I’m performing node classification using the WikipediaNetwork dataset. The problem is that the shape of the train_mask is [2277,10] but I want a shape equal to [2277].
The code that I’m using is the following one:

squirrel_dataset = WikipediaNetwork(root='data/WikipediaNetwork', name='squirrel', transform=None)
squirrel_data = squirrel_dataset[0]

def train():
      model.train()
      data = model.data
      optimizer.zero_grad()  # Clear gradients.
      out = model(data.x, data.edge_index)  # Perform a single forward pass.
      loss = criterion(out[data.train_mask], data.y[data.train_mask])  # Compute the loss solely based on the training nodes.
      loss.backward()  # Derive gradients.
      optimizer.step()  # Update parameters based on gradients.
      return loss

The error that I obtain is the following one:

The shape of the mask [2277, 10] at index 1 does not match the shape of the indexed tensor [2277, 5] at index 1

How can I solve this issue?

J_Johnson · September 2, 2022, 8:42am

Can you share the definition for train_mask?
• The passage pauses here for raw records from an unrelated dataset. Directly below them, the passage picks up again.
(* Let $\Delta$ be a finite set with $|\Delta|\ge2$, $\ell\ge2$, $\Omega=\Delta^\ell$, $W=\mathrm{Sym}\,\Delta\wr S_\ell$ in product action on $\Omega$, $G\le W$, and let $M$ be a minimal normal subgroup of $G$ transitive on $\Omega$, $M=T_1\times\cdots\times T_k$ with the $T_i$ isomorphic finite simple groups. Let $\Gamma$ be a connected graph with vertex set $\Omega$ with $G\le\mathrm{Aut}\,\Gamma$. Suppose $M$ is not regular on $\Omega$ and the inclusion $G\le W$ is normal. Then $\Gamma$ is not $(G,2)$-arc-transitive.
   Context: Product action: $(\delta_1,\dots,\delta_\ell)^{(g_1,\dots,g_\ell)h}=(\delta_{1h^{-1}}g_{1h^{-1}},\dots,\delta_{\ell h^{-1}}g_{\ell h^{-1}})$. Let $\pi:W\to S_\ell$ be the natural projection, $W_j$ the stabiliser of $j$ under $\pi$, $W_j=\mathrm{Sym}\,\Delta\times(\mathrm{Sym}\,\Delta\wr S_{\ell-1})$ with the first factor on the $j$-th coordinate; the component $M^{(j)}$ is the projection of $M\cap W_j$ onto the first factor, identified (for non-abelian $M$) with the product of those $T_i$ not in the kernel of $M\to M^{(j)}$. The inclusion $G\le W$ is normal if $M$ is non-abelian and each $T_i$ lies in exactly one $M^{(j)}$ (equivalently $M=\prod_jM^{(j)}$). $\Gamma$ is $(G,2)$-arc-transitive if $G$ is transitive on sequences $(v_0,v_1,v_2)$ of vertices with $v_0\sim v_1\sim v_2$ and $v_0\ne v_2$. *)

theory Defs
  imports "HOL-Algebra.Algebra" "HOL-Combinatorics.Permutations"
begin

text \<open>The set \<Omega> = \<Delta>^\<ell>, points are extensional functions on {..<\<ell>} (coordinates 0..\<ell>-1).\<close>
definition Omega :: "'a set \<Rightarrow> nat \<Rightarrow> (nat \<Rightarrow> 'a) set" where
  "Omega D l = (\<Pi>\<^sub>E i\<in>{..<l}. D)"

definition Sub :: "'b set \<Rightarrow> ('b \<Rightarrow> 'b) set \<Rightarrow> ('b \<Rightarrow> 'b) monoid" where
  "Sub S Y = BijGroup S \<lparr>carrier := Y\<rparr>"

text \<open>The permutation of \<Omega> given by the wreath element (g_1,...,g_l)h in product action:
  the i-th coordinate of the image is g_{i h^-1} applied to the (i h^-1)-th coordinate.\<close>
definition wr_elem :: "'a set \<Rightarrow> nat \<Rightarrow> (nat \<Rightarrow> 'a \<Rightarrow> 'a) \<Rightarrow> (nat \<Rightarrow> nat)
    \<Rightarrow> (nat \<Rightarrow> 'a) \<Rightarrow> (nat \<Rightarrow> 'a)" where
  "wr_elem D l g h = (\<lambda>w\<in>Omega D l. \<lambda>i\<in>{..<l}. g (inv_into UNIV h i) (w (inv_into UNIV h i)))"

definition wr_data :: "'a set \<Rightarrow> nat \<Rightarrow> (nat \<Rightarrow> 'a \<Rightarrow> 'a) \<Rightarrow> (nat \<Rightarrow> nat) \<Rightarrow> bool" where
  "wr_data D l g h \<longleftrightarrow> (\<forall>i<l. bij_betw (g i) D D) \<and> h permutes {..<l}"

definition Wr :: "'a set \<Rightarrow> nat \<Rightarrow> ((nat \<Rightarrow> 'a) \<Rightarrow> (nat \<Rightarrow> 'a)) set" where
  "Wr D l = {wr_elem D l g h | g h. wr_data D l g h}"

definition Wr_stab :: "'a set \<Rightarrow> nat \<Rightarrow> nat \<Rightarrow> ((nat \<Rightarrow> 'a) \<Rightarrow> (nat \<Rightarrow> 'a)) set" where
  "Wr_stab D l j = {wr_elem D l g h | g h. wr_data D l g h \<and> h j = j}"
anto · September 2, 2022, 8:45am

The train mask Is automatically generated when I call these lines and is part of the Data Object generated by the class WikipediaNetwork.

squirrel_dataset = WikipediaNetwork(root='data/WikipediaNetwork', name='squirrel', transform=None)
squirrel_data = squirrel_dataset[0]

J_Johnson · September 2, 2022, 10:40am

Suppose we have some tensor of arbitrary number of dimensions for a dummy dataset:

data_size=30000
A=torch.rand((data_size, 200, 5, 20))

Now suppose we create a mask vector of our data_size:

import numpy as np


b=np.arange(data_size)

Randomize it with:

rng = np.random.default_rng()
rng.shuffle(b)

And split it into train and test vectors with a split of 85% to 15%:

a_train=b[:round(0.85*np.shape(b)[0])]
a_test=b[round(0.85*np.shape(b)[0]):]

You could then get your training set by:

train_data=A[a_train,:,:,:]

In other words, for some reason your mask is not only on the first dim, which is the problem. Maybe they used an older version of Pytorch when developing their scripts.

Without seeing their definition for this object call, it’s not possible to identify the error.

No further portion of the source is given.